lemma E_CN_diff:
  assumes "sym_op Lop"
  shows "E_CN Lop f L x1 x0 - E_CN Lop f L x0 xm
    = inner (Lop ((1/2) *\<^sub>R (x1 + x0))) (x1 - x0) + (f x1 - f x0)
      + L/4 * ((norm (x1 - x0))\<^sup>2 - (norm (x0 - xm))\<^sup>2)"
proof -
  have "linear Lop" and "inner (Lop x1) x0 = inner (Lop x0) x1"
    using assms unfolding sym_op_def by (auto simp: inner_commute)
  then show ?thesis unfolding E_CN_def
    by (simp add: linear_add linear_scale inner_add_left inner_diff_right inner_commute
        algebra_simps)
qed

lemma lipschitz_gradient_upper_bound:
  fixes f :: "'a::real_inner \<Rightarrow> real" and gradf :: "'a \<Rightarrow> 'a"
  assumes fderiv: "\<And>x. (f has_derivative (\<lambda>h. inner (gradf x) h)) (at x)"
    and lip: "\<And>x y. norm (gradf x - gradf y) \<le> L * norm (x - y)"
  shows "f y - f x - inner (gradf x) (y - x) \<le> L / 2 * (norm (y - x))\<^sup>2"
proof -
  define d where "d = y - x"
  define g where "g t = f (x + t *\<^sub>R d) - t * inner (gradf x) d - L/2 * t\<^sup>2 * (norm d)\<^sup>2"
    for t :: real
  define g' where "g' t = inner (gradf (x + t *\<^sub>R d) - gradf x) d - L * t * (norm d)\<^sup>2"
    for t :: real
  have g_deriv: "(g has_real_derivative g' t) (at t)" for t
  proof -
    have "((\<lambda>t. x + t *\<^sub>R d) has_derivative (\<lambda>h. h *\<^sub>R d)) (at t)"
      by (auto intro!: derivative_eq_intros)
    from has_derivative_compose[OF this fderiv]
    have "((\<lambda>t. f (x + t *\<^sub>R d)) has_real_derivative inner (gradf (x + t *\<^sub>R d)) d) (at t)"
      unfolding has_field_derivative_def by (simp add: mult.commute[of _ "inner _ _"])
    then show ?thesis unfolding g_def g'_def
      by (auto intro!: derivative_eq_intros simp: inner_diff_left)
  qed
  have g'_nonpos: "g' t \<le> 0" if "0 < t" for t
  proof -
    have "inner (gradf (x + t *\<^sub>R d) - gradf x) d \<le> norm (gradf (x + t *\<^sub>R d) - gradf x) * norm d"
      by (rule norm_cauchy_schwarz)
    also have "\<dots> \<le> L * norm (t *\<^sub>R d) * norm d"
      using lip[of "x + t *\<^sub>R d" x] by (simp add: mult_right_mono)
    also have "\<dots> = L * t * (norm d)\<^sup>2"
      using that by (simp add: power2_eq_square)
    finally show ?thesis unfolding g'_def by simp
  qed
  have "g 1 \<le> g 0"
  proof (rule DERIV_nonpos_imp_decreasing_open[of 0 1 g])
    show "\<exists>y. DERIV g t :> y \<and> y \<le> 0" if "0 < t" for t
      using g_deriv g'_nonpos[OF that] by blast
    show "continuous_on {0..1} g"
      using g_deriv by (meson DERIV_isCont continuous_at_imp_continuous_on)
  qed simp
  then show ?thesis unfolding g_def d_def by simp
qed

lemma lipschitz_gradient_extrapolation_bound:
  assumes lip: "\<And>x y. norm (gradf x - gradf y) \<le> L * norm (x - y)" and "0 \<le> L"
  shows "- inner (gradf x - gradf y) d \<le> L/2 * ((norm (x - y))\<^sup>2 + (norm d)\<^sup>2)"
proof -
  have "- inner (gradf x - gradf y) d \<le> norm (gradf x - gradf y) * norm d"
    using norm_cauchy_schwarz[of "gradf y - gradf x" d]
    by (simp add: norm_minus_commute inner_diff_left)
  also have "\<dots> \<le> L * norm (x - y) * norm d"
    using lip[of x y] by (simp add: mult_right_mono)
  also have "\<dots> \<le> L/2 * ((norm (x - y))\<^sup>2 + (norm d)\<^sup>2)"
    using mult_left_mono[OF sum_squares_bound[of "norm (x - y)" "norm d"] \<open>0 \<le> L\<close>]
    by (simp add: algebra_simps)
  finally show ?thesis .
qed

lemma skew_step_inner_mu:
  assumes "skew_op S" and d: "d = \<tau> *\<^sub>R (S \<mu> - P \<mu>)"
  shows "inner \<mu> d = - \<tau> * inner (P \<mu>) \<mu>"
  using skew_op_inner_self[OF assms(1), of \<mu>]
  by (simp add: d inner_diff_right inner_commute)

lemma skew_step_norm_bound:
  fixes P S :: "'a::real_inner \<Rightarrow> 'a"
  assumes P: "sym_op P" and P_coerc: "\<And>x. \<alpha> * (norm x)\<^sup>2 \<le> inner (P x) x"
    and S_bound: "\<And>x y. inner (S x) y \<le> \<beta> * norm x * norm y"
    and "0 < \<alpha>" "0 \<le> \<beta>" "0 \<le> \<tau>"
    and d: "d = \<tau> *\<^sub>R (S \<mu> - P \<mu>)"
  shows "\<alpha> * (norm d)\<^sup>2 \<le> \<tau> * (\<alpha> + \<beta>) * sqrt (inner (P \<mu>) \<mu> * inner (P d) d)"
proof -
  define X where "X = sqrt (inner (P \<mu>) \<mu> * inner (P d) d)"
  have P_nonneg: "0 \<le> inner (P x) x" for x
    using coercive_inner_nonneg[OF P_coerc] \<open>0 < \<alpha>\<close> by simp
  have p_bound: "\<bar>inner (P \<mu>) d\<bar> \<le> X"
    unfolding X_def by (rule real_le_rsqrt) (simp add: sym_op_cauchy_schwarz[OF P P_nonneg])
  have "(\<alpha> * norm \<mu> * norm d)\<^sup>2 = (\<alpha> * (norm \<mu>)\<^sup>2) * (\<alpha> * (norm d)\<^sup>2)"
    by (simp add: power2_eq_square)
  also have "\<dots> \<le> inner (P \<mu>) \<mu> * inner (P d) d"
    using P_coerc \<open>0 < \<alpha>\<close> by (intro mult_mono) (auto intro: P_nonneg)
  finally have mu_d_bound: "\<alpha> * norm \<mu> * norm d \<le> X"
    unfolding X_def by (rule real_le_rsqrt)
  have "(norm d)\<^sup>2 = inner (\<tau> *\<^sub>R (S \<mu> - P \<mu>)) d"
    by (simp only: power2_norm_eq_inner flip: d)
  then have "\<alpha> * (norm d)\<^sup>2 = \<alpha> * \<tau> * (inner (S \<mu>) d - inner (P \<mu>) d)"
    by (simp add: inner_diff_left)
  also have "\<dots> \<le> \<alpha> * \<tau> * (\<beta> * norm \<mu> * norm d + \<bar>inner (P \<mu>) d\<bar>)"
    using S_bound[of \<mu> d] abs_ge_minus_self[of "inner (P \<mu>) d"] \<open>0 < \<alpha>\<close> \<open>0 \<le> \<tau>\<close>
    by (intro mult_left_mono) auto
  also have "\<dots> = \<tau> * (\<beta> * (\<alpha> * norm \<mu> * norm d) + \<alpha> * \<bar>inner (P \<mu>) d\<bar>)"
    by (simp add: algebra_simps)
  also have "\<dots> \<le> \<tau> * (\<beta> * X + \<alpha> * X)"
    using p_bound mu_d_bound assms(4-6) by (intro mult_left_mono add_mono) auto
  finally show ?thesis unfolding X_def by (simp add: algebra_simps)
qed

lemma skew_step_stabilization_bound:
  fixes P S :: "'a::real_inner \<Rightarrow> 'a"
  assumes P: "sym_op P" and P_coerc: "\<And>x. \<alpha> * (norm x)\<^sup>2 \<le> inner (P x) x"
    and S_bound: "\<And>x y. inner (S x) y \<le> \<beta> * norm x * norm y"
    and "0 < \<alpha>" "0 \<le> \<beta>" "0 \<le> \<tau>" "0 \<le> A"
    and d: "d = \<tau> *\<^sub>R (S \<mu> - P \<mu>)"
  shows "2 * inverse (1 + \<beta> / \<alpha>) * sqrt A * (norm d)\<^sup>2
    \<le> \<tau> * inner (P \<mu>) \<mu> + \<tau> * A * inner (P d) d"
proof -
  define a b where "a = inner (P \<mu>) \<mu>" and "b = inner (P d) d"
  have "0 \<le> a" "0 \<le> b"
    unfolding a_def b_def using coercive_inner_nonneg[OF P_coerc] \<open>0 < \<alpha>\<close> by simp_all
  have "inverse (1 + \<beta> / \<alpha>) = \<alpha> / (\<alpha> + \<beta>)"
    using assms(4,5) by (simp add: field_simps)
  then have "2 * inverse (1 + \<beta> / \<alpha>) * sqrt A * (norm d)\<^sup>2
      = 2 * sqrt A * (\<alpha> * (norm d)\<^sup>2) / (\<alpha> + \<beta>)"
    by simp
  also have "\<dots> \<le> 2 * sqrt A * (\<tau> * (\<alpha> + \<beta>) * sqrt (a * b)) / (\<alpha> + \<beta>)"
    using skew_step_norm_bound[OF assms(1-6) d] assms(4,5,7) unfolding a_def b_def
    by (intro divide_right_mono mult_left_mono) auto
  also have "\<dots> = \<tau> * (2 * sqrt (a * (A * b)))"
    using assms(4,5) by (simp add: real_sqrt_mult field_simps)
  also have "\<dots> \<le> \<tau> * (a + A * b)"
    using arith_geo_mean_sqrt[of a "A * b"] \<open>0 \<le> a\<close> \<open>0 \<le> b\<close> \<open>0 \<le> A\<close> \<open>0 \<le> \<tau>\<close>
    by (intro mult_left_mono) auto
  finally show ?thesis unfolding a_def b_def by (simp add: algebra_simps)
qed

theorem theorem3p8:
  fixes Lop :: "'a::{real_inner, complete_space} \<Rightarrow> 'a"
    and f :: "'a \<Rightarrow> real" and gradf :: "'a \<Rightarrow> 'a"
    and M S :: "'a \<Rightarrow> 'a \<Rightarrow> 'a"
    and L \<alpha>M \<beta>S \<tau> A :: real
    and \<Phi>m \<Phi>0 \<Phi>1 \<Phi>hat :: 'a
  assumes Lop: "spd_op Lop"
    and fderiv: "\<And>x. (f has_derivative (\<lambda>h. inner (gradf x) h)) (at x)"
    and L_nonneg: "0 \<le> L"
    and lip: "\<And>x y. norm (gradf x - gradf y) \<le> L * norm (x - y)"
    and S_skew: "\<And>\<Phi>. skew_op (S \<Phi>)"
    and M_neg: "\<And>\<Phi>. spd_op (\<lambda>\<Psi>. - M \<Phi> \<Psi>)"
    and \<alpha>_pos: "\<alpha>M > 0" and \<beta>_pos: "\<beta>S > 0"
    and S_bound: "\<And>\<Phi> \<Psi>1 \<Psi>2. inner (S \<Phi> \<Psi>1) \<Psi>2 \<le> \<beta>S * norm \<Psi>1 * norm \<Psi>2"
    and M_coerc: "\<And>\<Phi> \<Psi>. inner (- M \<Phi> \<Psi>) \<Psi> \<ge> \<alpha>M * (norm \<Psi>)\<^sup>2"
    and \<tau>_pos: "\<tau> > 0" and A_pos: "A > 0"
    and scheme: "(1/\<tau>) *\<^sub>R (\<Phi>1 - \<Phi>0) = M \<Phi>hat \<mu> + S \<Phi>hat \<mu>"
    and mu_def: "\<mu> = Lop ((1/2) *\<^sub>R (\<Phi>1 + \<Phi>0)) - (\<tau> * A) *\<^sub>R M \<Phi>hat (\<Phi>1 - \<Phi>0)
                    + (3/2) *\<^sub>R gradf \<Phi>0 - (1/2) *\<^sub>R gradf \<Phi>m"
    and A_large: "A \<ge> L\<^sup>2 / 4 * (1 + \<beta>S / \<alpha>M)\<^sup>2"
  shows "E_CN Lop f L \<Phi>1 \<Phi>0 - E_CN Lop f L \<Phi>0 \<Phi>m
           \<le> - (2 * inverse (1 + \<beta>S / \<alpha>M) * sqrt A - L) * (norm (\<Phi>1 - \<Phi>0))\<^sup>2"
proof -
  define d P where "d = \<Phi>1 - \<Phi>0" and "P = (\<lambda>\<Psi>. - M \<Phi>hat \<Psi>)"
  have P_sym: "sym_op P" using M_neg[of \<Phi>hat] unfolding spd_op_def P_def by simp
  have P_coerc: "\<And>x. \<alpha>M * (norm x)\<^sup>2 \<le> inner (P x) x" using M_coerc unfolding P_def by simp
  have step: "d = \<tau> *\<^sub>R (S \<Phi>hat \<mu> - P \<mu>)"
    using arg_cong[OF scheme, of "scaleR \<tau>"] \<tau>_pos unfolding d_def P_def by simp
  have energy: "E_CN Lop f L \<Phi>1 \<Phi>0 - E_CN Lop f L \<Phi>0 \<Phi>m
      = inner (Lop ((1/2) *\<^sub>R (\<Phi>1 + \<Phi>0))) d + (f \<Phi>1 - f \<Phi>0)
        + L/4 * ((norm d)\<^sup>2 - (norm (\<Phi>0 - \<Phi>m))\<^sup>2)"
    using E_CN_diff Lop unfolding spd_op_def d_def by blast
  have mu_d: "inner \<mu> d = inner (Lop ((1/2) *\<^sub>R (\<Phi>1 + \<Phi>0))) d + \<tau> * A * inner (P d) d
      + inner (gradf \<Phi>0) d + (1/2) * inner (gradf \<Phi>0 - gradf \<Phi>m) d"
    unfolding mu_def P_def d_def by (simp add: inner_add_left inner_diff_left algebra_simps)
  have "f \<Phi>1 - f \<Phi>0 - inner (gradf \<Phi>0) d \<le> L / 2 * (norm d)\<^sup>2"
    using lipschitz_gradient_upper_bound[OF fderiv lip] unfolding d_def .
  moreover have "- inner (gradf \<Phi>0 - gradf \<Phi>m) d \<le> L/2 * ((norm (\<Phi>0 - \<Phi>m))\<^sup>2 + (norm d)\<^sup>2)"
    by (rule lipschitz_gradient_extrapolation_bound[OF lip L_nonneg])
  moreover have "inner \<mu> d = - \<tau> * inner (P \<mu>) \<mu>"
    using S_skew step by (rule skew_step_inner_mu)
  moreover have "2 * inverse (1 + \<beta>S / \<alpha>M) * sqrt A * (norm d)\<^sup>2
      \<le> \<tau> * inner (P \<mu>) \<mu> + \<tau> * A * inner (P d) d"
    using \<alpha>_pos \<beta>_pos \<tau>_pos A_pos
    by (intro skew_step_stabilization_bound[OF P_sym P_coerc S_bound[of \<Phi>hat] _ _ _ _ step]) auto
  ultimately show ?thesis
    unfolding energy d_def[symmetric] using mu_d by (simp add: algebra_simps)
qed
──────────────────────────────
Quote exactly the lines running from the start of the listing above through the line where "define d where" is found, and output no other lines.

* [Solution]
lemma E_CN_diff:
  assumes "sym_op Lop"
  shows "E_CN Lop f L x1 x0 - E_CN Lop f L x0 xm
    = inner (Lop ((1/2) *\<^sub>R (x1 + x0))) (x1 - x0) + (f x1 - f x0)
      + L/4 * ((norm (x1 - x0))\<^sup>2 - (norm (x0 - xm))\<^sup>2)"
proof -
  have "linear Lop" and "inner (Lop x1) x0 = inner (Lop x0) x1"
    using assms unfolding sym_op_def by (auto simp: inner_commute)
  then show ?thesis unfolding E_CN_def
    by (simp add: linear_add linear_scale inner_add_left inner_diff_right inner_commute
        algebra_simps)
qed

lemma lipschitz_gradient_upper_bound:
  fixes f :: "'a::real_inner \<Rightarrow> real" and gradf :: "'a \<Rightarrow> 'a"
  assumes fderiv: "\<And>x. (f has_derivative (\<lambda>h. inner (gradf x) h)) (at x)"
    and lip: "\<And>x y. norm (gradf x - gradf y) \<le> L * norm (x - y)"
  shows "f y - f x - inner (gradf x) (y - x) \<le> L / 2 * (norm (y - x))\<^sup>2"
proof -
  define d where "d = y - x"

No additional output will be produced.